In clinical practice there is increasing emphasis on understanding the impact of anesthesia and mechanical ventilation on regional pulmonary ventilation in order to improve clinical outcomes, including in children.

Several studies have demonstrated that the benefits of using EIT to set ventilatory parameters, improving gas exchange and respiratory mechanics are also applicable outside the intensive care unit. For example, monitoring of changes in regional ventilation in the operating room in adults has been studied to guide intraoperative ventilation setting and adopt it as a strategy to prevent anesthesia-induced atelectasis.
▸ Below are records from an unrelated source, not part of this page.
(* Let $\mathbf{k}$ be a field, $p\ge3$ an integer, and let $\varphi:\mathbf{k}[e_1,\dots,e_{2p}]\to\mathbf{k}[u_1,\dots,u_p,\alpha]$ be the $\mathbf{k}$-algebra homomorphism with $\varphi(e_i)=u_i$ for $1\le i\le p-1$, $\varphi(e_p)=u_p+\alpha$, and $\varphi(e_i)=u_{i-p}\alpha$ for $p+1\le i\le 2p$. Let $\mathcal{A}=\operatorname{Im}(\varphi)$. Then for each $1\le i\le p-1$ and each $j\ge1$, the monomial $u_i\alpha^j$ lies in $\mathcal{A}$ (and hence in the initial algebra $\mathrm{in}(\mathcal{A})$ with respect to any monomial order).
   Context: For a monomial order on $\mathbf{k}[u_1,\dots,u_p,\alpha]$, the initial algebra $\mathrm{in}(\mathcal{A})$ is the $\mathbf{k}$-span of the leading monomials of the nonzero elements of $\mathcal{A}$. *)

theory Defs
  imports Main "HOL-Library.Poly_Mapping"
begin

text \<open>Commutative polynomials over 'a in variables X_0, X_1, ...:
  a polynomial is a finitely supported map from monomials (exponent vectors, finitely supported nat to nat) to coefficients.  Here X_0 plays the role of alpha and
  X_i (1 <= i <= p) plays the role of u_i.\<close>

type_synonym 'a mpoly = "(nat \<Rightarrow>\<^sub>0 nat) \<Rightarrow>\<^sub>0 'a"

definition Var :: "nat \<Rightarrow> 'a::comm_semiring_1 mpoly" where
  "Var i = Poly_Mapping.single (Poly_Mapping.single i 1) 1"

definition Const :: "'a::comm_semiring_1 \<Rightarrow> 'a mpoly" where
  "Const c = Poly_Mapping.single 0 c"

abbreviation alpha :: "'a::comm_semiring_1 mpoly" where
  "alpha \<equiv> Var 0"

inductive_set subalg_gen :: "'a::comm_semiring_1 mpoly set \<Rightarrow> 'a mpoly set"
  for G where
  const: "Const c \<in> subalg_gen G"
| gen: "g \<in> G \<Longrightarrow> g \<in> subalg_gen G"
| add: "a \<in> subalg_gen G \<Longrightarrow> b \<in> subalg_gen G \<Longrightarrow> a + b \<in> subalg_gen G"
| mult: "a \<in> subalg_gen G \<Longrightarrow> b \<in> subalg_gen G \<Longrightarrow> a * b \<in> subalg_gen G"

definition phi_gen :: "nat \<Rightarrow> nat \<Rightarrow> 'a::comm_semiring_1 mpoly" where
  "phi_gen p i =
     (if i \<le> p - 1 then Var i
      else if i = p then Var p + alpha
      else Var (i - p) * alpha)"

text \<open>Image of the k-algebra homomorphism phi: the subalgebra generated by
  the images of the variables e_1, ..., e_2p.\<close>
definition imgA :: "nat \<Rightarrow> 'a::comm_semiring_1 mpoly set" where
  "imgA p = subalg_gen (phi_gen p ` {1..2*p})"

end

theory Submission
  imports Defs
begin

text \<open>The generators \<open>u\<^sub>p + \<alpha>\<close> and \<open>u\<^sub>p \<alpha>\<close> are the elementary symmetric
  functions of \<open>u\<^sub>p\<close> and \<open>\<alpha>\<close>, so the powers of \<open>\<alpha>\<close> obey the recurrence
  \<open>\<alpha>^(n+2) = (u\<^sub>p + \<alpha>) \<alpha>^(n+1) - u\<^sub>p \<alpha> \<alpha>^n\<close>.  Multiplied by \<open>u\<^sub>i\<close>, it produces
  every \<open>u\<^sub>i \<alpha>^j\<close> from the generators \<open>u\<^sub>i\<close> and \<open>u\<^sub>i \<alpha>\<close>.\<close>

lemma Const_eq_minus_one: "Const (-1) = (-1 :: 'a::comm_ring_1 mpoly)"
  unfolding Const_def one_poly_mapping.abs_eq[symmetric] by (simp add: single_uminus)

lemma subalg_gen_uminus:
  assumes "a \<in> subalg_gen G"
  shows "- (a :: 'a::comm_ring_1 mpoly) \<in> subalg_gen G"
  using subalg_gen.mult[OF subalg_gen.const assms, of "-1"] by (simp add: Const_eq_minus_one)

lemma subalg_gen_diff:
  assumes "a \<in> subalg_gen G" and "b \<in> subalg_gen G"
  shows "(a :: 'a::comm_ring_1 mpoly) - b \<in> subalg_gen G"
  using subalg_gen.add[OF assms(1) subalg_gen_uminus[OF assms(2)]] by simp

lemma subalg_gen_mult_power:
  fixes x a b :: "'a::comm_ring_1 mpoly"
  assumes "x \<in> subalg_gen G" and "x * a \<in> subalg_gen G"
    and "b + a \<in> subalg_gen G" and "b * a \<in> subalg_gen G"
  shows "x * a ^ n \<in> subalg_gen G"
proof (induction n rule: induct_nat_012)
  case 0
  show ?case using assms(1) by simp
next
  case 1
  show ?case using assms(2) by simp
next
  case (ge2 n)
  have "x * a ^ Suc (Suc n) = (b + a) * (x * a ^ Suc n) - (b * a) * (x * a ^ n)"
    by (simp add: algebra_simps)
  then show ?case
    using ge2 assms(3,4) by (simp add: subalg_gen.mult subalg_gen_diff)
qed

theorem lemma6p3:
  fixes p i j :: nat
  assumes "3 \<le> p" and "1 \<le> i" and "i \<le> p - 1" and "1 \<le> j"
  shows "(Var i * alpha ^ j :: 'a::field mpoly) \<in> imgA p"
proof -
  have gen: "phi_gen p k \<in> (imgA p :: 'a mpoly set)" if "1 \<le> k" and "k \<le> 2 * p" for k
    unfolding imgA_def using that by (intro subalg_gen.gen) auto
  have "phi_gen p i = (Var i :: 'a mpoly)"
    and "phi_gen p (p + i) = (Var i * alpha :: 'a mpoly)"
    and "phi_gen p p = (Var p + alpha :: 'a mpoly)"
    and "phi_gen p (2 * p) = (Var p * alpha :: 'a mpoly)"
    using assms by (auto simp: phi_gen_def)
  then have "(Var i :: 'a mpoly) \<in> imgA p" and "(Var i * alpha :: 'a mpoly) \<in> imgA p"
    and "(Var p + alpha :: 'a mpoly) \<in> imgA p" and "(Var p * alpha :: 'a mpoly) \<in> imgA p"
    using assms gen[of i] gen[of "p + i"] gen[of p] gen[of "2 * p"] by auto
  then show ?thesis
    unfolding imgA_def by (rule subalg_gen_mult_power)
qed

end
The impact on regional pulmonary ventilation distribution may be significant in situations such as laparoscopic surgery, where capnoperitoneum and Trendelenburg position pose an additional risk of deterioration of respiratory function and may contribute to the development of early postoperative pulmonary complications.In the adult population, studies demonstrate that pneumoperitoneum during laparoscopy can influence the distribution of ventilation together with anesthesia and mechanical ventilation in different ways. In contrast, regional ventilation changes during laparoscopy are still lacking for the pediatric population.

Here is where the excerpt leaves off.